Chancellor Rishi Sunak has ordered officials to draw up plans for a possible contingency tax on more than £ 10 billion in surplus profits from electricity producers, including wind farm operators, in addition to the attack on North Sea oil and gas producers.
Treasury officials are working on a scheme that will go beyond the original contingency plan for Labor, as Sunak seeks to raise billions of pounds in financial support for households struggling with rising energy bills.
“Oil and gas producers in the North Sea are only half the picture,” said a government insider. “The other half is that high gas prices have led to some very significant unforeseen profits for the entire electricity industry.
By attracting large power generators such as SSE, ScottishPower, EDF Energy and RWE to the scope of any contingency tax, Sunak will dramatically increase the revenue it brings.
Sunak and Boris Johnson want to urgently determine measures to deal with rising energy bills and how to pay them, officials say. An announcement may come this week or after the anniversary celebration in early June.
The chancellor had previously opposed an unforeseen tax, but said this month it was “pragmatic” and that if oil and gas producers do not increase their investment commitments quickly, then “no option is on the table”.

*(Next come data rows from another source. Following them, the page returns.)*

lemma set_take_drop_outside_segment:
  assumes "\<forall>k < length xs. xs ! k \<in> S \<longrightarrow> i \<le> k \<and> k \<le> j"
  shows "set (take i xs) \<inter> S = {}" "set (drop (Suc j) xs) \<inter> S = {}"
proof -
  show "set (take i xs) \<inter> S = {}"
    using assms by (fastforce simp: in_set_conv_nth)
  show "set (drop (Suc j) xs) \<inter> S = {}"
  proof (rule ccontr)
    assume "set (drop (Suc j) xs) \<inter> S \<noteq> {}"
    then obtain k where "k < length xs - Suc j" "drop (Suc j) xs ! k \<in> S"
      by (auto simp: in_set_conv_nth)
    then have "Suc j + k < length xs" "xs ! (Suc j + k) \<in> S" by auto
    then show False using assms by fastforce
  qed
qed

lemma is_walk_append:
  assumes "is_walk V E ends vs1 es1" "is_walk V E ends vs2 es2" "last vs1 = hd vs2"
  shows "is_walk V E ends (vs1 @ tl vs2) (es1 @ es2)"
proof -
  have l1: "length vs1 = Suc (length es1)" "vs1 \<noteq> []"
    and l2: "length vs2 = Suc (length es2)" "vs2 \<noteq> []"
    using assms unfolding is_walk_def by auto
  have joint: "vs1 ! length es1 = vs2 ! 0"
    using assms(3) l1 l2 by (simp add: last_conv_nth hd_conv_nth)
  have tl2: "tl vs2 ! k = vs2 ! Suc k" if "k < length es2" for k
    using l2 that by (simp add: nth_tl)
  have "ends ((es1 @ es2) ! i) = {(vs1 @ tl vs2) ! i, (vs1 @ tl vs2) ! Suc i}"
    if i: "i < length (es1 @ es2)" for i
  proof (cases "i < length es1")
    case True
    then show ?thesis using assms(1) l1 unfolding is_walk_def by (simp add: nth_append)
  next
    case False
    then obtain k where k: "i = length es1 + k" "k < length es2"
      using i by (metis add_diff_inverse_nat length_append nat_add_left_cancel_less)
    have e: "ends (es2 ! k) = {vs2 ! k, vs2 ! Suc k}"
      using assms(2) k unfolding is_walk_def by auto
    show ?thesis
    proof (cases k)
      case 0
      then show ?thesis using k e l1 joint tl2[of 0] by (simp add: nth_append)
    next
      case (Suc m)
      then show ?thesis using k e l1 tl2[of m] tl2[of k] by (simp add: nth_append)
    qed
  qed
  moreover have "set (tl vs2) \<subseteq> set vs2" using l2 by (simp add: list.set_sel(2) subsetI)
  ultimately show ?thesis using assms l1 l2 unfolding is_walk_def by auto
qed

lemma is_walk_take:
  assumes "is_walk V E ends vs es" "k < length vs"
  shows "is_walk V E ends (take (Suc k) vs) (take k es)"
  using assms unfolding is_walk_def
  by (auto dest: in_set_takeD)

lemma is_walk_drop:
  assumes "is_walk V E ends vs es" "k < length vs"
  shows "is_walk V E ends (drop k vs) (drop k es)"
  using assms unfolding is_walk_def
  by (auto dest: in_set_dropD simp: add.commute add_Suc_right)

lemma is_walk_rev:
  assumes "is_walk V E ends vs es"
  shows "is_walk V E ends (rev vs) (rev es)"
proof -
  have l: "length vs = Suc (length es)" using assms unfolding is_walk_def by auto
  have "\<forall>i < length es. ends (rev es ! i) = {rev vs ! i, rev vs ! Suc i}"
  proof (intro allI impI)
    fix i assume i: "i < length es"
    have "ends (es ! (length es - Suc i)) = {vs ! (length es - Suc i), vs ! Suc (length es - Suc i)}"
      using assms i unfolding is_walk_def by auto
    then show "ends (rev es ! i) = {rev vs ! i, rev vs ! Suc i}"
      using i l by (simp add: rev_nth Suc_diff_Suc insert_commute)
  qed
  then show ?thesis using assms unfolding is_walk_def by auto
qed

lemma is_walk_edge_outside_segment:
  assumes "is_walk V E ends qv qe" "\<forall>k < length qv. qv ! k \<in> S \<longrightarrow> i \<le> k \<and> k \<le> j"
    and "ends e \<subseteq> S"
  shows "e \<notin> set (take i qe)" "e \<notin> set (drop j qe)"
proof -
  have edge: "i \<le> k \<and> Suc k \<le> j" if "k < length qe" "qe ! k = e" for k
  proof -
    have "qv ! k \<in> S" "qv ! Suc k \<in> S" "Suc k < length qv"
      using assms that unfolding is_walk_def by auto
    then show ?thesis using assms(2) by auto
  qed
  show "e \<notin> set (take i qe)"
    using edge by (force simp: in_set_conv_nth)
  show "e \<notin> set (drop j qe)"
  proof
    assume "e \<in> set (drop j qe)"
    then obtain k where "k < length qe - j" "drop j qe ! k = e" by (auto simp: in_set_conv_nth)
    then have "j + k < length qe" "qe ! (j + k) = e" by auto
    then show False using edge by fastforce
  qed
qed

Rising gas prices have an impact on the electricity market and lead to higher wholesale prices throughout the sector, including for some renewable and nuclear producers.

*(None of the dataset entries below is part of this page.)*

lemma rd_tracking_run_selection:
  assumes "rd_tracking_run T d \<theta> I Y W" and "card (set (leaves T)) \<le> n"
  shows "if \<exists>j\<in>set (leaves T).
              real (Ncount I j n) < sqrt (real (Suc n)) - real (card (set (leaves T))) / 2
         then \<forall>j\<in>set (leaves T). Ncount I (I (Suc n)) n \<le> Ncount I j n
         else \<forall>j\<in>set (leaves T).
                W n j / real (Ncount I j n) \<le> W n (I (Suc n)) / real (Ncount I (I (Suc n)) n)"
proof -
  have "Suc n > card (set (leaves T))" using assms(2) by simp
  with assms(1) show ?thesis
    unfolding rd_tracking_run_def Let_def by (metis diff_Suc_1)
qed

lemma rd_tracking_run_count_before_draw:
  assumes run: "rd_tracking_run T d \<theta> I Y W" and "wf_gtree T"
    and n: "card (set (leaves T)) \<le> n"
  shows "real (Ncount I (I (Suc n)) n) \<le> max (real n * W n (I (Suc n))) (sqrt (real (Suc n)))"
proof -
  define L where "L = set (leaves T)"
  define l where "l = I (Suc n)"
  have "l \<in> L" unfolding l_def L_def using rd_tracking_run_draws_leaf[OF run] by simp
  have rule: "if \<exists>j\<in>L. real (Ncount I j n) < sqrt (real (Suc n)) - real (card L) / 2
      then \<forall>j\<in>L. Ncount I l n \<le> Ncount I j n
      else \<forall>j\<in>L. W n j / real (Ncount I j n) \<le> W n l / real (Ncount I l n)"
    using rd_tracking_run_selection[OF run n] unfolding L_def l_def .
  show ?thesis
  proof (cases "\<exists>j\<in>L. real (Ncount I j n) < sqrt (real (Suc n)) - real (card L) / 2")
    case True
    then obtain j where "j \<in> L" "real (Ncount I j n) < sqrt (real (Suc n)) - real (card L) / 2"
      by blast
    moreover have "Ncount I l n \<le> Ncount I j n" using rule True \<open>j \<in> L\<close> by simp
    ultimately show ?thesis unfolding l_def by linarith
  next
    case False
    have "real (Ncount I l n) \<le> (\<Sum>j\<in>L. real (Ncount I j n)) * W n l"
      using rule False \<open>l \<in> L\<close> rd_tracking_run_Ncount_pos[OF run] n
        rd_tracking_run_weights(2)[OF run \<open>wf_gtree T\<close> n]
      by (intro le_sum_mult_of_argmax_ratio) (auto simp: L_def)
    also have "(\<Sum>j\<in>L. real (Ncount I j n)) = real n"
      using sum_Ncount[of L I n] rd_tracking_run_draws_leaf[OF run]
      unfolding L_def of_nat_sum[symmetric] by simp
    finally show ?thesis unfolding l_def by simp
  qed
qed

lemma rd_tracking_run_frequency_upper:
  assumes run: "rd_tracking_run T d \<theta> I Y W" and "wf_gtree T"
    and u: "\<forall>t\<ge>t0. \<forall>l\<in>set (leaves T). W t l \<le> u l" and "\<eta> > 0"
  shows "eventually (\<lambda>t. \<forall>l\<in>set (leaves T). real (Ncount I l t) / real t \<le> u l + \<eta>)
           sequentially"
proof (rule eventually_ball_finite[OF finite_set], rule ballI)
  fix l assume l: "l \<in> set (leaves T)"
  define M where "M = max t0 (card (set (leaves T)))"
  have "card (set (leaves T)) > 0" using l by (auto simp: card_gt_0_iff)
  then have "M \<ge> 1" unfolding M_def by linarith
  have "0 \<le> W M l" using rd_tracking_run_weights(1)[OF run \<open>wf_gtree T\<close>] M_def by simp
  also have "\<dots> \<le> u l" using u l M_def by simp
  finally have "u l \<ge> 0" .
  define g where "g n = real n * u l + sqrt (real n)" for n
  have "mono g"
    unfolding g_def using \<open>u l \<ge> 0\<close>
    by (intro monoI add_mono mult_right_mono real_sqrt_le_mono) auto
  have drawn: "\<forall>n\<ge>M. I (Suc n) = l \<longrightarrow> real (Ncount I l n) \<le> g (Suc n)"
  proof (intro allI impI)
    fix n assume n: "n \<ge> M" and drawn_l: "I (Suc n) = l"
    have "0 \<le> W n l" and "W n l \<le> u l"
      using rd_tracking_run_weights(1)[OF run \<open>wf_gtree T\<close>, of n] u l n M_def by auto
    then have "real n * W n l \<le> real (Suc n) * u l"
      using \<open>u l \<ge> 0\<close> by (intro mult_mono) auto
    then have "max (real n * W n l) (sqrt (real (Suc n))) \<le> g (Suc n)"
      unfolding g_def using \<open>u l \<ge> 0\<close> by (intro max.boundedI) (simp_all add: add_increasing2)
    then show "real (Ncount I l n) \<le> g (Suc n)"
      using rd_tracking_run_count_before_draw[OF run \<open>wf_gtree T\<close>, of n] n drawn_l M_def by auto
  qed
  have count_le: "real (Ncount I l t) \<le> real M + 1 + real t * u l + sqrt (real t)"
    if "t \<ge> M" for t
  proof -
    have "real (Ncount I l t) \<le> max (real (Ncount I l M)) (g t + 1)"
      using \<open>mono g\<close> drawn that by (rule Ncount_le_max_of_drawn_le)
    also have "\<dots> \<le> real M + 1 + real t * u l + sqrt (real t)"
      using Ncount_le[of I l M] \<open>u l \<ge> 0\<close> unfolding g_def
      by (intro max.boundedI) (simp_all add: add_increasing2)
    finally show ?thesis .
  qed
  have "((\<lambda>t. (real M + 1 + sqrt (real t)) / real t) \<longlongrightarrow> 0) sequentially"
    by real_asymp
  then have "eventually (\<lambda>t. (real M + 1 + sqrt (real t)) / real t < \<eta>) sequentially"
    using \<open>\<eta> > 0\<close> by (rule order_tendstoD)
  then show "eventually (\<lambda>t. real (Ncount I l t) / real t \<le> u l + \<eta>) sequentially"
    using eventually_ge_at_top[of M]
  proof eventually_elim
    case (elim t)
    then have "real t > 0" using \<open>M \<ge> 1\<close> by simp
    have "real (Ncount I l t) / real t \<le> (real M + 1 + real t * u l + sqrt (real t)) / real t"
      using count_le[OF elim(2)] \<open>real t > 0\<close> by (intro divide_right_mono) auto
    also have "\<dots> = u l + (real M + 1 + sqrt (real t)) / real t"
      using \<open>real t > 0\<close> by (simp add: field_simps)
    finally show ?case using elim(1) by simp
  qed
qed

theorem lemma8:
  fixes T :: "'a gtree" and d :: "real \<Rightarrow> real \<Rightarrow> real" and \<theta> :: real
    and \<mu> w0 :: "'a \<Rightarrow> real" and I :: "nat \<Rightarrow> 'a" and Y :: "nat \<Rightarrow> real"
    and W :: "nat \<Rightarrow> 'a \<Rightarrow> real" and \<epsilon> :: real and t0 :: nat
  assumes "wf_gtree T" and "distinct (leaves T)"
    and "\<forall>x y. d x y \<ge> 0" and "\<forall>x y. d x y = 0 \<longleftrightarrow> x = y"
    and "\<epsilon> > 0"
    and "rd_tracking_run T d \<theta> I Y W"
    and "root_weights T d \<theta> \<mu> w0"
    and "t0 \<ge> 1"
    and "\<forall>t\<ge>t0. \<forall>l\<in>set (leaves T). \<bar>W t l - w0 l\<bar> \<le> \<epsilon>"
  shows "\<exists>t1\<ge>t0. \<forall>t\<ge>t1.
           (MAX l\<in>set (leaves T). \<bar>real (Ncount I l t) / real t - w0 l\<bar>)
             \<le> 2 * (real (card (set (leaves T))) - 1) * \<epsilon>"
proof -
  let ?L = "set (leaves T)" and ?freq = "\<lambda>t l. real (Ncount I l t) / real t"
  have "\<forall>t\<ge>t0. \<forall>l\<in>?L. W t l \<le> w0 l + \<epsilon>"
    using assms(9) by (fastforce dest: abs_le_D1)
  then have "eventually (\<lambda>t. \<forall>l\<in>?L. ?freq t l \<le> (w0 l + \<epsilon>) + \<epsilon>) sequentially"
    by (rule rd_tracking_run_frequency_upper[OF assms(6,1) _ \<open>\<epsilon> > 0\<close>])
  then have "eventually (\<lambda>t. t \<ge> t0 \<and> (\<forall>l\<in>?L. ?freq t l \<le> w0 l + 2 * \<epsilon>)) sequentially"
    using eventually_ge_at_top[of t0] by eventually_elim auto
  then obtain t1 where t1: "\<forall>t\<ge>t1. t \<ge> t0 \<and> (\<forall>l\<in>?L. ?freq t l \<le> w0 l + 2 * \<epsilon>)"
    unfolding eventually_sequentially by blast
  have "(MAX l\<in>?L. \<bar>?freq t l - w0 l\<bar>) \<le> 2 * (real (card ?L) - 1) * \<epsilon>" if "t \<ge> t1" for t
  proof (rule Max.boundedI)
    have "t \<ge> t0" using t1 that by blast
    have "sum (?freq t) ?L = 1"
      using sum_Ncount[of ?L I t] rd_tracking_run_draws_leaf[OF assms(6)] \<open>t \<ge> t0\<close> assms(8)
      by (simp add: sum_divide_distrib[symmetric] of_nat_sum[symmetric])
    moreover have "sum w0 ?L = 1"
      using is_w_prob_vector_on[OF assms(7)[unfolded root_weights_def] assms(1)]
      by (simp add: prob_vector_on_def)
    ultimately show "a \<le> 2 * (real (card ?L) - 1) * \<epsilon>"
      if "a \<in> (\<lambda>l. \<bar>?freq t l - w0 l\<bar>) ` ?L" for a
      using that t1 \<open>t \<ge> t1\<close>
        abs_diff_le_of_sum_eq_of_le_add[of ?L _ "?freq t" w0 "2 * \<epsilon>"]
      by (auto simp: mult_ac)
  qed (use rd_tracking_run_draws_leaf[OF assms(6), of 1] in auto)
  moreover have "t1 \<ge> t0" using t1 by blast
  ultimately show ?thesis by blast
qed

end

Labor claims that its contingency tax, which will apply only to North Sea oil and gas producers, will raise around £ 2 billion. An analysis by Greenpeace UK claims that they will make an unforeseen profit of £ 11.6 billion this year.
Government estimates suggest that electricity producers could make a similar amount in excess profits – more than £ 10 billion – as a result of higher gas prices.
One energy expert said the idea of overprofits for producers was “a very simple part of the economy”, saying it was more accurate to talk about “the difference between their costs and the price determined by gas”.
Deepa Venkateswaran, an analyst at Bernstein, said the contingency tax on power generators would be a “dumb tool” as many power generators sell their products in advance, limiting how much they have benefited from recent high prices.
She also noted that many large energy companies are investing heavily in technologies such as offshore wind to help Britain meet its net zero emissions target for 2050. The government will need to be careful, she added. said that “any retrospective or knee measures. . . it will have the opposite effect. “
The Spanish government announced a “surplus” fee for Spanish power companies last year, but then cut it in October after warnings that it would hurt investment in wind farms.
Downing Street and the Treasury Department said no decision had been made to impose an unforeseen tax. “We will only do this if we decide that this is the only way to fund something that we think needs to be done,” said one of Boris Johnson’s allies.
Tory rightists oppose the contingency tax, but Sunak is reluctant to fund a bailout package for households struggling with higher bills through large-scale additional loans, fearing it could fuel inflation.
Sunak officials are working on a contingency model for North Sea oil and gas producers, similar to the one introduced by George Osborne in 2011, according to those familiar with the policy.
Osborne increased the “extra tax” on oil and gas production and raised £ 2 billion. The surcharge fell to its original level only when the price of oil returned to the starting price of $ 75 per barrel.
According to Sunak’s plan, oil and gas producers could continue to pay higher taxes for several years if wholesale prices remain high.
A Finance Ministry spokesman said the government had already provided a £ 22 billion support package and that while it could not protect everyone, “we understand that people are struggling with rising prices”.
Owners of gas-fired power plants have passed on their higher production costs to customers through inflated prices.
Long-term owners of low-carbon schemes, such as onshore wind farms or solar energy, are more likely to benefit from subsidies in addition to wholesale prices under the “renewables certificates” scheme.